Information Block Start
lemma inj_on_corner_sum_map: "inj_on (corner_sum_map shape) (aff_hull (PASM \<nu> la m n))"
proof (rule inj_onI)
  fix x y
  assume x: "x \<in> aff_hull (PASM \<nu> la m n)" and y: "y \<in> aff_hull (PASM \<nu> la m n)"
    and eq: "corner_sum_map shape x = corner_sum_map shape y"
  show "x = y"
    using x y aff_hull_PASM_subset_RI
  proof (intro RI_box_eqI)
    fix i j assume "i \<le> m" "j \<le> n"
    then show "corner_sum x i j = corner_sum y i j"
      using corner_sum_by_corner_sum_map[OF x] corner_sum_by_corner_sum_map[OF y] eq by simp
  qed auto
qed

lemma ZI_iff_corner_sum_map_ZI:
  assumes x: "x \<in> aff_hull (PASM \<nu> la m n)"
  shows "x \<in> ZI ({1..m} \<times> {1..n}) \<longleftrightarrow> corner_sum_map shape x \<in> ZI shape"
proof
  assume "x \<in> ZI ({1..m} \<times> {1..n})"
  then have "corner_sum x i j \<in> \<int>" for i j
    unfolding ZI_def by (intro corner_sum_Ints) blast
  then show "corner_sum_map shape x \<in> ZI shape"
    using corner_sum_map_RI unfolding ZI_def corner_sum_map_def by auto
next
  assume Ints: "corner_sum_map shape x \<in> ZI shape"
  show "x \<in> ZI ({1..m} \<times> {1..n})"
  proof (rule ZI_boxI)
    show "x \<in> RI ({1..m} \<times> {1..n})"
      using x aff_hull_PASM_subset_RI by blast
    fix i j assume "i \<le> m" "j \<le> n"
    then show "corner_sum x i j \<in> \<int>"
      using corner_sum_by_corner_sum_map[OF x] Ints unfolding ZI_def by simp
  qed
qed

end

theorem theorem3:
  fixes m n :: nat and la \<nu> :: "nat \<Rightarrow> nat"
  assumes "m \<ge> 1" and "n \<ge> 1"
    and "is_partition la" and "is_partition \<nu>"
    and "part_le la \<nu>" and "in_box \<nu> (n - 1) (m - 1)"
  shows "integrally_equivalent ({1..m} \<times> {1..n}) (PASM \<nu> la m n)
           (skew_cells \<nu> la) (order_polytope (skew_cells \<nu> la) pos_le)"
proof -
  interpret skew_shape_in_box m n la \<nu>
    using assms(2-) by unfold_locales
  show ?thesis
  proof (rule integrally_equivalentI)
    show "linear (corner_sum_map (skew_cells \<nu> la))"
      by (rule linear_corner_sum_map)
    show "\<And>x. corner_sum_map (skew_cells \<nu> la) x \<in> RI (skew_cells \<nu> la)"
      by (rule corner_sum_map_RI)
    show "inj_on (corner_sum_map (skew_cells \<nu> la)) (aff_hull (PASM \<nu> la m n))"
      by (rule inj_on_corner_sum_map)
    show "corner_sum_map (skew_cells \<nu> la) ` PASM \<nu> la m n = order_polytope (skew_cells \<nu> la) pos_le"
      by (rule corner_sum_map_PASM)
    show "\<And>x. x \<in> aff_hull (PASM \<nu> la m n) \<Longrightarrow>
        x \<in> ZI ({1..m} \<times> {1..n}) \<longleftrightarrow> corner_sum_map (skew_cells \<nu> la) x \<in> ZI (skew_cells \<nu> la)"
      by (rule ZI_iff_corner_sum_map_ZI)
  qed
qed

end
Information Block End
▶ Required action
Go through the records above and count every line that includes "unfolding". Give the number and nothing else.

▶ Completed task
3